(* Assume Hypothesis 1 (stated in the context). If $\dfrac{|C|}{|C_{\max}|}<\dfrac{m(m-1)}{\delta(\delta-1)}$, then $\delta_{\max}\le 2\delta$.
   Context: $H(m,2)$: vertex set $\mathbb F_2^m$, coordinates indexed by a set $M$, $|M|=m$; $d$ Hamming distance. For a code $C$: minimum distance $\delta$, covering radius $\rho=\max_\alpha d(\alpha,C)$, $C_i=\{\alpha:d(\alpha,C)=i\}$. $\mathrm{Aut}(H(m,2))=B\rtimes L$, $B\cong\mathbb Z_2^m$ translations, $L\cong\mathrm{Sym}(M)$; $\mathrm{Aut}(C)$ is the setwise stabiliser of $C$. $C$ is completely transitive if $\mathrm{Aut}(C)$ is transitive on each of $C,C_1,\dots,C_\rho$. For a linear code $D$, $T_D$ is the group of translations by elements of $D$. For $C\ni\mathbf 0$, the maximal linear subcode $C_{\max}$ is the largest linear subcode $D\subseteq C$ with $T_D\le\mathrm{Aut}(C)$. Hypothesis 1: $C$ is a completely transitive code in $H(m,2)$ with $\mathbf 0\in C$ and minimum distance $\delta\ge5$; $X=\mathrm{Aut}(C)$; $C_{\max}$ is the maximal linear subcode with minimum distance $\delta_{\max}$; $X_{\max}$ is the setwise stabiliser of $C_{\max}$ in $X$; $2\le\dim C_{\max}\le m-2$. *)

theory Defs
  imports Complex_Main "HOL-Combinatorics.Permutations"
begin

text \<open>The Hamming graph H(m,2): vertices are the elements of F_2^M, represented
  by their supports, i.e. subsets of the finite coordinate set M (m = card M).
  Vector addition is symmetric difference.\<close>

definition vadd :: "'a set \<Rightarrow> 'a set \<Rightarrow> 'a set" where
  "vadd x y = (x - y) \<union> (y - x)"

definition hdist :: "'a set \<Rightarrow> 'a set \<Rightarrow> nat" where
  "hdist x y = card (vadd x y)"

definition vertices :: "'a set \<Rightarrow> 'a set set" where
  "vertices M = Pow M"

definition dist_code :: "'a set set \<Rightarrow> 'a set \<Rightarrow> nat" where
  "dist_code C \<alpha> = Min ((\<lambda>c. hdist \<alpha> c) ` C)"

definition min_distance :: "'a set set \<Rightarrow> nat" where
  "min_distance C = Min {hdist x y | x y. x \<in> C \<and> y \<in> C \<and> x \<noteq> y}"

definition covering_radius :: "'a set \<Rightarrow> 'a set set \<Rightarrow> nat" where
  "covering_radius M C = Max (dist_code C ` vertices M)"

definition code_layer :: "'a set \<Rightarrow> 'a set set \<Rightarrow> nat \<Rightarrow> 'a set set" where
  "code_layer M C i = {\<alpha> \<in> vertices M. dist_code C \<alpha> = i}"

text \<open>Aut(H(m,2)) = B \<rtimes> L: maps x \<mapsto> \<pi>(x) + b.\<close>
definition hamming_aut :: "'a set \<Rightarrow> ('a set \<Rightarrow> 'a set) set" where
  "hamming_aut M = {g. \<exists>\<pi> b. \<pi> permutes M \<and> b \<subseteq> M \<and> (\<forall>x. g x = vadd (\<pi> ` x) b)}"

definition code_aut :: "'a set \<Rightarrow> 'a set set \<Rightarrow> ('a set \<Rightarrow> 'a set) set" where
  "code_aut M C = {g \<in> hamming_aut M. g ` C = C}"

definition translation :: "'a set \<Rightarrow> 'a set \<Rightarrow> 'a set" where
  "translation d = (\<lambda>x. vadd x d)"

definition completely_transitive :: "'a set \<Rightarrow> 'a set set \<Rightarrow> bool" where
  "completely_transitive M C \<longleftrightarrow>
     (\<forall>i \<le> covering_radius M C. \<forall>\<alpha> \<in> code_layer M C i. \<forall>\<beta> \<in> code_layer M C i.
        \<exists>g \<in> code_aut M C. g \<alpha> = \<beta>)"

definition linear_code :: "'a set \<Rightarrow> 'a set set \<Rightarrow> bool" where
  "linear_code M D \<longleftrightarrow> D \<subseteq> vertices M \<and> {} \<in> D \<and> (\<forall>x\<in>D. \<forall>y\<in>D. vadd x y \<in> D)"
----
» **Activity**: Each and every record above needs writing out exactly.

» **Task output**:
(* Assume Hypothesis 1 (stated in the context). If $\dfrac{|C|}{|C_{\max}|}<\dfrac{m(m-1)}{\delta(\delta-1)}$, then $\delta_{\max}\le 2\delta$.
   Context: $H(m,2)$: vertex set $\mathbb F_2^m$, coordinates indexed by a set $M$, $|M|=m$; $d$ Hamming distance. For a code $C$: minimum distance $\delta$, covering radius $\rho=\max_\alpha d(\alpha,C)$, $C_i=\{\alpha:d(\alpha,C)=i\}$. $\mathrm{Aut}(H(m,2))=B\rtimes L$, $B\cong\mathbb Z_2^m$ translations, $L\cong\mathrm{Sym}(M)$; $\mathrm{Aut}(C)$ is the setwise stabiliser of $C$. $C$ is completely transitive if $\mathrm{Aut}(C)$ is transitive on each of $C,C_1,\dots,C_\rho$. For a linear code $D$, $T_D$ is the group of translations by elements of $D$. For $C\ni\mathbf 0$, the maximal linear subcode $C_{\max}$ is the largest linear subcode $D\subseteq C$ with $T_D\le\mathrm{Aut}(C)$. Hypothesis 1: $C$ is a completely transitive code in $H(m,2)$ with $\mathbf 0\in C$ and minimum distance $\delta\ge5$; $X=\mathrm{Aut}(C)$; $C_{\max}$ is the maximal linear subcode with minimum distance $\delta_{\max}$; $X_{\max}$ is the setwise stabiliser of $C_{\max}$ in $X$; $2\le\dim C_{\max}\le m-2$. *)

theory Defs
  imports Complex_Main "HOL-Combinatorics.Permutations"
begin

text \<open>The Hamming graph H(m,2): vertices are the elements of F_2^M, represented
  by their supports, i.e. subsets of the finite coordinate set M (m = card M).
  Vector addition is symmetric difference.\<close>

definition vadd :: "'a set \<Rightarrow> 'a set \<Rightarrow> 'a set" where
  "vadd x y = (x - y) \<union> (y - x)"

definition hdist :: "'a set \<Rightarrow> 'a set \<Rightarrow> nat" where
  "hdist x y = card (vadd x y)"

definition vertices :: "'a set \<Rightarrow> 'a set set" where
  "vertices M = Pow M"

definition dist_code :: "'a set set \<Rightarrow> 'a set \<Rightarrow> nat" where
  "dist_code C \<alpha> = Min ((\<lambda>c. hdist \<alpha> c) ` C)"

definition min_distance :: "'a set set \<Rightarrow> nat" where
  "min_distance C = Min {hdist x y | x y. x \<in> C \<and> y \<in> C \<and> x \<noteq> y}"

definition covering_radius :: "'a set \<Rightarrow> 'a set set \<Rightarrow> nat" where
  "covering_radius M C = Max (dist_code C ` vertices M)"

definition code_layer :: "'a set \<Rightarrow> 'a set set \<Rightarrow> nat \<Rightarrow> 'a set set" where
  "code_layer M C i = {\<alpha> \<in> vertices M. dist_code C \<alpha> = i}"

text \<open>Aut(H(m,2)) = B \<rtimes> L: maps x \<mapsto> \<pi>(x) + b.\<close>
definition hamming_aut :: "'a set \<Rightarrow> ('a set \<Rightarrow> 'a set) set" where
  "hamming_aut M = {g. \<exists>\<pi> b. \<pi> permutes M \<and> b \<subseteq> M \<and> (\<forall>x. g x = vadd (\<pi> ` x) b)}"

definition code_aut :: "'a set \<Rightarrow> 'a set set \<Rightarrow> ('a set \<Rightarrow> 'a set) set" where
  "code_aut M C = {g \<in> hamming_aut M. g ` C = C}"

definition translation :: "'a set \<Rightarrow> 'a set \<Rightarrow> 'a set" where
  "translation d = (\<lambda>x. vadd x d)"

definition completely_transitive :: "'a set \<Rightarrow> 'a set set \<Rightarrow> bool" where
  "completely_transitive M C \<longleftrightarrow>
     (\<forall>i \<le> covering_radius M C. \<forall>\<alpha> \<in> code_layer M C i. \<forall>\<beta> \<in> code_layer M C i.
        \<exists>g \<in> code_aut M C. g \<alpha> = \<beta>)"

definition linear_code :: "'a set \<Rightarrow> 'a set set \<Rightarrow> bool" where
  "linear_code M D \<longleftrightarrow> D \<subseteq> vertices M \<and> {} \<in> D \<and> (\<forall>x\<in>D. \<forall>y\<in>D. vadd x y \<in> D)"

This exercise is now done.